Recently, my friend (with whom I’ve traveled to Japan and Taiwan last year) visited Hong Kong and China, and concocted a brilliant way of sending me postcards: he made six of them into a series, which had drawings on either side that fit together like a little jigsaw, then labeled and sent them in numerical order. Funnily enough, I didn’t get them all in the correct order, but it was fun to wait around for the collection to be completed!

Just today, I came home from uni to a postcard from Guangzhou that dad had sent me. Although it wasn’t nearly as creative as Joel’s Guangzhou postcard, this little piece of cardboard with a generic cityscape photo made my afternoon. It’s funny how much more intimate seeing someone’s handwriting is, as opposed to merely an email. Often times I’ll send long, ranting, frustrated, angry, ecstatic or just generally overwhelming and brain-scattered emails to my ‘grrrrlfraaaan’ in Seattle or my ol’ buddy Takuma at Tulane, but when I really have something to say that’s worth taking the time for, I’ll be putting black ink to white paper. The only trouble for them is deciphering my handwriting beyond the “Dear ______”, because my handwriting – although often deemed as artistic/awesome/copy-worthy by onlookers – is a shocker to try and read.

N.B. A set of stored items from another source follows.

lemma ls_decoding_error_prob_le:
  fixes Q :: "(real^'n) set" and A :: "'w \<Rightarrow> real^'n^'d"
  assumes "compact Q" "is_compression_code E r Q" "gaussian_matrix M A" "xo \<in> Q"
    "0 < \<zeta>" "0 < T"
  shows "measure M {w \<in> space M. \<exists>z :: real^'d. norm z \<le> \<zeta> \<and>
            (\<exists>xhat \<in> ls_argmin (A w) (A w *v xo + z) (codebook E D Q). norm (xhat - xo) \<ge> T)}
         \<le> exp (- real CARD('d) / 2) + 2 ^ r * (exp (real CARD('d) / 2) *
             ((2 * sqrt (real CARD('d)) * distortion E D Q + 2 * \<zeta>) / (sqrt (real CARD('d)) * T))
               ^ CARD('d))"
    (is "measure M ?S \<le> _")
proof -
  interpret prob_space M by (rule gaussian_matrixD(1)[OF assms(3)])
  define d where "d = real CARD('d)"
  define \<delta> where "\<delta> = distortion E D Q"
  define C where "C = codebook E D Q"
  define c0 where "c0 = D (E xo)"
  define K where "K = 2 * sqrt d * \<delta> + 2 * \<zeta>"
  have c0: "c0 \<in> C" "norm (xo - c0) \<le> \<delta>"
    using assms norm_diff_decode_le_distortion[OF assms(1,2,4)]
    unfolding C_def c0_def \<delta>_def codebook_def by auto
  have K: "K > 0" using c0(2) assms(5) unfolding K_def d_def
    by (intro add_nonneg_pos mult_nonneg_nonneg) (auto intro: order_trans[OF norm_ge_zero])
  define B where "B = {\<omega> \<in> space M. 2 * sqrt d * \<delta> < norm (A \<omega> *v (xo - c0))}"
  define L where "L c = {\<omega> \<in> space M. norm (A \<omega> *v (c - xo)) \<le> K}" for c
  define C' where "C' = {c \<in> C. T \<le> norm (c - xo)}"
  have C': "finite C'" "card C' \<le> 2 ^ r"
    using finite_codebook[OF assms(2), of D] card_codebook_le[OF assms(2), of D]
    unfolding C'_def C_def by (auto intro: le_trans[OF card_mono])
  have events: "B \<in> sets M" "L c \<in> sets M" for c
    unfolding B_def L_def using gaussian_matrix_norm_measurable[OF assms(3)] by measurable
  have tail: "measure M (L c) \<le> exp (d / 2) * (K / (sqrt d * T)) ^ CARD('d)" if "c \<in> C'" for c
    unfolding L_def d_def
    using that assms(6) K by (intro gaussian_matrix_norm_le_prob[OF assms(3)]) (auto simp: C'_def)
  have "?S \<subseteq> B \<union> (\<Union>c\<in>C'. L c)"
    unfolding B_def L_def C'_def K_def C_def[symmetric] by (rule ls_decoding_error_event_subset[OF c0(1)])
  then have "measure M ?S \<le> measure M B + card C' * (exp (d / 2) * (K / (sqrt d * T)) ^ CARD('d))"
    by (rule measure_le_union_bound[OF _ C'(1) events tail])
  also have "\<dots> \<le> exp (- d / 2) + 2 ^ r * (exp (d / 2) * (K / (sqrt d * T)) ^ CARD('d))"
  proof (intro add_mono mult_right_mono)
    show "measure M B \<le> exp (- d / 2)"
      using c0(2) order_trans[OF norm_ge_zero c0(2)] unfolding B_def d_def
      by (rule gaussian_matrix_norm_gt_prob[OF assms(3)])
    show "real (card C') \<le> 2 ^ r" using C'(2) by (simp add: of_nat_le_iff[symmetric])
  qed (use K assms(6) in \<open>simp add: d_def\<close>)
  finally show ?thesis unfolding d_def K_def \<delta>_def .
qed

lemma union_bound_le_exp_rate:
  fixes \<delta> \<eta> \<epsilon> :: real and r n :: nat
  assumes "0 < \<delta>" "\<delta> < 1 / exp 1" "\<eta> > 0"
    "real n \<ge> \<eta> * real r / log 2 (1 / (exp 1 * \<delta>))"
    "\<epsilon> > 0" "\<eta> / ln (1 / (exp 1 * \<delta>)) < \<epsilon>"
  shows "2 ^ r * (exp (real n / 2) * ((exp 1 * \<delta>) powr ((1 + \<epsilon>) / \<eta>)) ^ n)
         \<le> exp (- 0.3 * \<epsilon> * real r)"
proof -
  define L where "L = ln (1 / (exp 1 * \<delta>))"
  have e\<delta>: "0 < exp 1 * \<delta>" "exp 1 * \<delta> < 1" using assms(1,2) by (auto simp: field_simps)
  then have L: "L > 0" unfolding L_def by simp
  define X where "X = real n * L / \<eta>"
  have "\<eta> * real r / (L / ln 2) \<le> real n"
    using assms(4) unfolding L_def log_def by simp
  then have rate: "real r * ln 2 \<le> X"
    using L assms(3) unfolding X_def by (simp add: field_simps)
  have "real r * 0.6 \<le> real r * ln 2" using ln2_ge_two_thirds by (intro mult_left_mono) auto
  then have rate_eps: "0.3 * \<epsilon> * real r \<le> \<epsilon> / 2 * X"
    using rate assms(5) mult_left_mono[of "real r * 0.6" X "\<epsilon> / 2"] by simp
  have "1 < \<epsilon> * L / \<eta>" using assms(3,6) L unfolding L_def by (simp add: field_simps)
  then have "real n \<le> \<epsilon> * X"
    using mult_left_mono[of 1 "\<epsilon> * L / \<eta>" "real n"] unfolding X_def by (simp add: field_simps)
  then have exponent: "real r * ln 2 + real n / 2 - (1 + \<epsilon>) * X \<le> - 0.3 * \<epsilon> * real r"
    using rate rate_eps by (simp add: algebra_simps)
  have powr_eq: "((exp 1 * \<delta>) powr ((1 + \<epsilon>) / \<eta>)) ^ n = exp (- ((1 + \<epsilon>) * X))"
    using e\<delta> assms(1)
    by (simp add: powr_def L_def X_def ln_div exp_of_nat_mult[symmetric] field_simps)
  have "2 ^ r * (exp (real n / 2) * ((exp 1 * \<delta>) powr ((1 + \<epsilon>) / \<eta>)) ^ n)
      = exp (real r * ln 2) * exp (real n / 2) * exp (- ((1 + \<epsilon>) * X))"
    using exp_of_nat_mult[of r "ln (2::real)"] by (simp add: powr_eq)
  also have "\<dots> = exp (real r * ln 2 + real n / 2 + - ((1 + \<epsilon>) * X))"
    by (simp only: exp_add)
  also have "\<dots> \<le> exp (- 0.3 * \<epsilon> * real r)"
    using exponent by simp
  finally show ?thesis .
qed

lemma threshold_ratio_le_powr:
  fixes \<delta> w d :: real
  assumes "0 < \<delta>" "0 < w" "0 < d"
  shows "(2 * sqrt d * \<delta> + 2 * \<delta>) / (sqrt d * ((2 * exp (- w) + 2 / sqrt d) * \<delta> powr (1 - w)))
         \<le> (exp 1 * \<delta>) powr w"
proof -
  have "(exp 1 * \<delta>) powr w = exp w * \<delta> powr w"
    using assms(1) by (simp add: powr_def ln_mult distrib_left exp_add)
  then have "(exp 1 * \<delta>) powr w * (sqrt d * ((2 * exp (- w) + 2 / sqrt d) * \<delta> powr (1 - w)))
      = (2 * sqrt d + 2 * exp w) * (\<delta> powr w * \<delta> powr (1 - w))"
    using assms(3) by (simp add: exp_minus field_simps)
  also have "\<dots> = (2 * sqrt d + 2 * exp w) * \<delta>"
    using assms(1) by (simp flip: powr_add)
  also have "\<dots> \<ge> 2 * sqrt d * \<delta> + 2 * \<delta>"
    using assms by (simp add: algebra_simps)
  finally have "2 * sqrt d * \<delta> + 2 * \<delta>
      \<le> (exp 1 * \<delta>) powr w * (sqrt d * ((2 * exp (- w) + 2 / sqrt d) * \<delta> powr (1 - w)))" .
  moreover have "0 < sqrt d * ((2 * exp (- w) + 2 / sqrt d) * \<delta> powr (1 - w))"
    using assms by (simp add: add_pos_pos)
  ultimately show ?thesis by (simp add: divide_le_eq mult.commute)
qed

Anyway, I really ought to finish this long overdue letter to my sister. Even though I was just saying to mum earlier about how much smaller the house seems when she came back home for Christmas (and will be when she’s back for her summer), and how the last piece of any delicious food always goes missing out of the fridge… I miss her. A lot.

Here’s some photos from earlier today. The first two are of my ferry trip into uni. I’d been meaning for ages to take photos of the city from the ferry when leaving uni, but the ferry situ today didn’t warrant for that. Plus, I’m really unhappy with these two photos because I literally had to guess and “shoot from the hip” as it’s our point and shoot camera, which is broken and I literally can’t see what I’m photographing on the screen and the manual viewfinder may as well not even exist! But it was such a lovely day I just had to post them anyway:

The marina at which parking is now a nightmare. I got dropped off and picked up today, phew.

I must say, I’m proud of my very steady guesswork… the horizon’s not that lopsided haha.

Rangitoto Island, the iconic view you get in Auckland.

See where I had double-iced half the cupcakes? I learnt my lesson… don’t ice them when they’re hot out of the oven, icing tends to melt and drip away. Although it’s never happened before, but I guess I used a different recipe.

Mum’s delicious banana cake.

They were meant to be red velvet cupcakes, but I ran out of red food colouring, so the inside colour is a bit off. Luckily you can’t see here, haha.

Tomorrow morning, two lovely people will wake up to my cupcakes which I’ve hidden in eccentric places rather than on their doorstep. This is what happens when I do late-night baking and then think “oh wouldn’t it be sweet if I…”, combined with the mentality of think of all that buttery goodness I want to share with everybody else’s hips.